Requirement: What follows is data; output all of it exactly as given.

☆ ☆ ☆ ☆

lemma closure_gen_submodule_le_closed:
  assumes "N \<in> closed_SMod R M c" "E \<subseteq> N"
  shows "c (gen_submodule R M E) \<subseteq> N"
proof -
  have N: "N \<in> SMod R M" "c N = N" using assms(1) unfolding closed_SMod_def by auto
  then have "E \<subseteq> carrier M" using assms(2) SMod_subset_carrier[of N R M] by blast
  then have "gen_submodule R M E \<in> SMod R M" by (rule gen_submodule_in_SMod)
  then show ?thesis
    using closure_mono[OF _ N(1)] gen_submodule_least[OF N(1) assms(2)] N(2) by metis
qed

lemma closed_SMod_Inter:
  assumes "Z \<subseteq> closed_SMod R M c" "Z \<noteq> {}"
  shows "\<Inter>Z \<in> closed_SMod R M c"
proof -
  have Z: "Z \<subseteq> SMod R M" using assms(1) closed_SMod_subset by blast
  then have I: "\<Inter>Z \<in> SMod R M" using Inter_in_SMod assms(2) by blast
  have "c (\<Inter>Z) \<subseteq> N" if "N \<in> Z" for N
    using closure_mono[OF I, of N] that Z assms(1) unfolding closed_SMod_def by blast
  then have "c (\<Inter>Z) = \<Inter>Z" using closure_extensive[OF I] by blast
  with I show ?thesis unfolding closed_SMod_def by simp
qed

lemma closed_SMod_avoiding_finite_character:
  assumes A: "A \<subseteq> carrier M"
    and fin: "\<And>A0. finite A0 \<Longrightarrow> A0 \<subseteq> A \<Longrightarrow> \<exists>N\<in>closed_SMod R M c. G \<inter> N = {} \<and> A0 \<subseteq> N"
  shows "\<exists>N\<in>closed_SMod R M c. G \<inter> N = {} \<and> A \<subseteq> N"
proof -
  let ?L = "gen_submodule R M A"
  have L: "?L \<in> SMod R M" using gen_submodule_in_SMod[OF A] .
  have "g \<notin> c ?L" if g: "g \<in> G" for g
  proof
    assume "g \<in> c ?L"
    then obtain E where E: "finite E" "E \<subseteq> ?L" "g \<in> c (gen_submodule R M E)"
      using mem_closure_finite_generators[OF L] by blast
    then obtain A' where "finite A'" "A' \<subseteq> A" "E \<subseteq> gen_submodule R M A'"
      using gen_submodule_finite_subset[OF A E(1,2)] by blast
    moreover obtain N where N: "N \<in> closed_SMod R M c" "G \<inter> N = {}" "A' \<subseteq> N"
      using fin[OF \<open>finite A'\<close> \<open>A' \<subseteq> A\<close>] by blast
    moreover have "N \<in> SMod R M" using N(1) closed_SMod_subset by blast
    ultimately have "E \<subseteq> N" using gen_submodule_least[of N R M A'] by blast
    then have "g \<in> N" using closure_gen_submodule_le_closed[OF N(1)] E(3) by blast
    then show False using N(2) g by blast
  qed
  moreover have "A \<subseteq> c ?L" using gen_submodule_superset[of A R M] closure_extensive[OF L] by blast
  ultimately show ?thesis using closure_in_closed_SMod[OF L] by blast
qed

lemma topspace_closed_SMod_topology: "topspace (closed_SMod_topology R M c) = closed_SMod R M c"
  using closed_SMod_subset by (auto simp: topspace_hull_kernel_topology)

lemma finite_subcover_avoiding_singletons:
  assumes \<C>: "\<C> \<subseteq> insert UNIV ((\<lambda>x. avoiding {x}) ` carrier M)"
    and cover: "avoiding G \<inter> closed_SMod R M c \<subseteq> \<Union>\<C>"
  shows "\<exists>\<C>'. finite \<C>' \<and> \<C>' \<subseteq> \<C> \<and> avoiding G \<inter> closed_SMod R M c \<subseteq> \<Union>\<C>'"
proof (cases "UNIV \<in> \<C>")
  case True
  then show ?thesis by (intro exI[of _ "{UNIV}"]) auto
next
  case no_UNIV: False
  let ?X = "closed_SMod R M c"
  define A where "A = {x \<in> carrier M. avoiding {x} \<in> \<C>}"
  show ?thesis
  proof (cases "\<exists>A0. finite A0 \<and> A0 \<subseteq> A \<and> \<not> (\<exists>N\<in>?X. G \<inter> N = {} \<and> A0 \<subseteq> N)")
    case True
    then obtain A0 where A0: "finite A0" "A0 \<subseteq> A"
      and none: "\<not> (\<exists>N\<in>?X. G \<inter> N = {} \<and> A0 \<subseteq> N)" by blast
    have "avoiding G \<inter> ?X \<subseteq> (\<Union>x\<in>A0. avoiding {x})"
    proof
      fix N assume "N \<in> avoiding G \<inter> ?X"
      then have "N \<in> ?X" "G \<inter> N = {}" by auto
      with none obtain x where "x \<in> A0" "x \<notin> N" by blast
      then show "N \<in> (\<Union>x\<in>A0. avoiding {x})" by auto
    qed
    then show ?thesis
      using A0 unfolding A_def by (intro exI[of _ "(\<lambda>x. avoiding {x}) ` A0"]) auto
  next
    case False
    then obtain N where N: "N \<in> ?X" "G \<inter> N = {}" "A \<subseteq> N"
      using closed_SMod_avoiding_finite_character[of A G] unfolding A_def by blast
    then have "N \<in> avoiding G \<inter> ?X" by simp
    with cover obtain K where "K \<in> \<C>" "N \<in> K" by blast
    with \<C> no_UNIV obtain x where "x \<in> carrier M" "K = avoiding {x}" by blast
    then have "x \<in> A" "x \<notin> N" using \<open>K \<in> \<C>\<close> \<open>N \<in> K\<close> unfolding A_def by auto
    then show ?thesis using N(3) by blast
  qed
qed

lemma compactin_avoiding:
  "compactin (closed_SMod_topology R M c) (avoiding G \<inter> closed_SMod R M c)"
proof -
  let ?B = "insert UNIV ((\<lambda>x. avoiding {x}) ` carrier M)"
  define C where "C = avoiding G \<inter> closed_SMod R M c"
  have CS: "C \<subseteq> SMod R M" unfolding C_def using closed_SMod_subset by blast
  have "compact_space (subtopology (hull_kernel_topology R M) C)"
  proof (rule Alexander_subbase_alt[where \<B> = ?B])
    show "C \<subseteq> \<Union>?B" by blast
    show "topology (arbitrary union_of (finite intersection_of (\<lambda>x. x \<in> ?B) relative_to C))
        = subtopology (hull_kernel_topology R M) C"
      by (rule subtopology_hull_kernel_subbase[OF CS])
    show "\<exists>\<C>'. finite \<C>' \<and> \<C>' \<subseteq> \<C> \<and> C \<subseteq> \<Union>\<C>'" if "\<C> \<subseteq> ?B" "C \<subseteq> \<Union>\<C>" for \<C>
      using finite_subcover_avoiding_singletons that unfolding C_def by blast
  qed
  moreover have "C \<subseteq> topspace (closed_SMod_topology R M c)"
    unfolding C_def topspace_closed_SMod_topology by blast
  ultimately show ?thesis
    by (simp add: compactin_subspace subtopology_subtopology C_def Int_absorb1 inf_commute)
qed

☆ ☆ ☆ ☆

Result:
lemma closure_gen_submodule_le_closed:
  assumes "N \<in> closed_SMod R M c" "E \<subseteq> N"
  shows "c (gen_submodule R M E) \<subseteq> N"
proof -
  have N: "N \<in> SMod R M" "c N = N" using assms(1) unfolding closed_SMod_def by auto
  then have "E \<subseteq> carrier M" using assms(2) SMod_subset_carrier[of N R M] by blast
  then have "gen_submodule R M E \<in> SMod R M" by (rule gen_submodule_in_SMod)
  then show ?thesis
    using closure_mono[OF _ N(1)] gen_submodule_least[OF N(1) assms(2)] N(2) by metis
qed

lemma closed_SMod_Inter:
  assumes "Z \<subseteq> closed_SMod R M c" "Z \<noteq> {}"
  shows "\<Inter>Z \<in> closed_SMod R M c"
proof -
  have Z: "Z \<subseteq> SMod R M" using assms(1) closed_SMod_subset by blast
  then have I: "\<Inter>Z \<in> SMod R M" using Inter_in_SMod assms(2) by blast
  have "c (\<Inter>Z) \<subseteq> N" if "N \<in> Z" for N
    using closure_mono[OF I, of N] that Z assms(1) unfolding closed_SMod_def by blast
  then have "c (\<Inter>Z) = \<Inter>Z" using closure_extensive[OF I] by blast
  with I show ?thesis unfolding closed_SMod_def by simp
qed

lemma closed_SMod_avoiding_finite_character:
  assumes A: "A \<subseteq> carrier M"
    and fin: "\<And>A0. finite A0 \<Longrightarrow> A0 \<subseteq> A \<Longrightarrow> \<exists>N\<in>closed_SMod R M c. G \<inter> N = {} \<and> A0 \<subseteq> N"
  shows "\<exists>N\<in>closed_SMod R M c. G \<inter> N = {} \<and> A \<subseteq> N"
proof -
  let ?L = "gen_submodule R M A"
  have L: "?L \<in> SMod R M" using gen_submodule_in_SMod[OF A] .
  have "g \<notin> c ?L" if g: "g \<in> G" for g
  proof
    assume "g \<in> c ?L"
    then obtain E where E: "finite E" "E \<subseteq> ?L" "g \<in> c (gen_submodule R M E)"
      using mem_closure_finite_generators[OF L] by blast
    then obtain A' where "finite A'" "A' \<subseteq> A" "E \<subseteq> gen_submodule R M A'"
      using gen_submodule_finite_subset[OF A E(1,2)] by blast
    moreover obtain N where N: "N \<in> closed_SMod R M c" "G \<inter> N = {}" "A' \<subseteq> N"
      using fin[OF \<open>finite A'\<close> \<open>A' \<subseteq> A\<close>] by blast
    moreover have "N \<in> SMod R M" using N(1) closed_SMod_subset by blast
    ultimately have "E \<subseteq> N" using gen_submodule_least[of N R M A'] by blast
    then have "g \<in> N" using closure_gen_submodule_le_closed[OF N(1)] E(3) by blast
    then show False using N(2) g by blast
  qed
  moreover have "A \<subseteq> c ?L" using gen_submodule_superset[of A R M] closure_extensive[OF L] by blast
  ultimately show ?thesis using closure_in_closed_SMod[OF L] by blast
qed

lemma topspace_closed_SMod_topology: "topspace (closed_SMod_topology R M c) = closed_SMod R M c"
  using closed_SMod_subset by (auto simp: topspace_hull_kernel_topology)

lemma finite_subcover_avoiding_singletons:
  assumes \<C>: "\<C> \<subseteq> insert UNIV ((\<lambda>x. avoiding {x}) ` carrier M)"
    and cover: "avoiding G \<inter> closed_SMod R M c \<subseteq> \<Union>\<C>"
  shows "\<exists>\<C>'. finite \<C>' \<and> \<C>' \<subseteq> \<C> \<and> avoiding G \<inter> closed_SMod R M c \<subseteq> \<Union>\<C>'"
proof (cases "UNIV \<in> \<C>")
  case True
  then show ?thesis by (intro exI[of _ "{UNIV}"]) auto
next
  case no_UNIV: False
  let ?X = "closed_SMod R M c"
  define A where "A = {x \<in> carrier M. avoiding {x} \<in> \<C>}"
  show ?thesis
  proof (cases "\<exists>A0. finite A0 \<and> A0 \<subseteq> A \<and> \<not> (\<exists>N\<in>?X. G \<inter> N = {} \<and> A0 \<subseteq> N)")
    case True
    then obtain A0 where A0: "finite A0" "A0 \<subseteq> A"
      and none: "\<not> (\<exists>N\<in>?X. G \<inter> N = {} \<and> A0 \<subseteq> N)" by blast
    have "avoiding G \<inter> ?X \<subseteq> (\<Union>x\<in>A0. avoiding {x})"
    proof
      fix N assume "N \<in> avoiding G \<inter> ?X"
      then have "N \<in> ?X" "G \<inter> N = {}" by auto
      with none obtain x where "x \<in> A0" "x \<notin> N" by blast
      then show "N \<in> (\<Union>x\<in>A0. avoiding {x})" by auto
    qed
    then show ?thesis
      using A0 unfolding A_def by (intro exI[of _ "(\<lambda>x. avoiding {x}) ` A0"]) auto
  next
    case False
    then obtain N where N: "N \<in> ?X" "G \<inter> N = {}" "A \<subseteq> N"
      using closed_SMod_avoiding_finite_character[of A G] unfolding A_def by blast
    then have "N \<in> avoiding G \<inter> ?X" by simp
    with cover obtain K where "K \<in> \<C>" "N \<in> K" by blast
    with \<C> no_UNIV obtain x where "x \<in> carrier M" "K = avoiding {x}" by blast
    then have "x \<in> A" "x \<notin> N" using \<open>K \<in> \<C>\<close> \<open>N \<in> K\<close> unfolding A_def by auto
    then show ?thesis using N(3) by blast
  qed
qed

lemma compactin_avoiding:
  "compactin (closed_SMod_topology R M c) (avoiding G \<inter> closed_SMod R M c)"
proof -
  let ?B = "insert UNIV ((\<lambda>x. avoiding {x}) ` carrier M)"
  define C where "C = avoiding G \<inter> closed_SMod R M c"
  have CS: "C \<subseteq> SMod R M" unfolding C_def using closed_SMod_subset by blast
  have "compact_space (subtopology (hull_kernel_topology R M) C)"
  proof (rule Alexander_subbase_alt[where \<B> = ?B])
    show "C \<subseteq> \<Union>?B" by blast
    show "topology (arbitrary union_of (finite intersection_of (\<lambda>x. x \<in> ?B) relative_to C))
        = subtopology (hull_kernel_topology R M) C"
      by (rule subtopology_hull_kernel_subbase[OF CS])
    show "\<exists>\<C>'. finite \<C>' \<and> \<C>' \<subseteq> \<C> \<and> C \<subseteq> \<Union>\<C>'" if "\<C> \<subseteq> ?B" "C \<subseteq> \<Union>\<C>" for \<C>
      using finite_subcover_avoiding_singletons that unfolding C_def by blast
  qed
  moreover have "C \<subseteq> topspace (closed_SMod_topology R M c)"
    unfolding C_def topspace_closed_SMod_topology by blast
  ultimately show ?thesis
    by (simp add: compactin_subspace subtopology_subtopology C_def Int_absorb1 inf_commute)
qed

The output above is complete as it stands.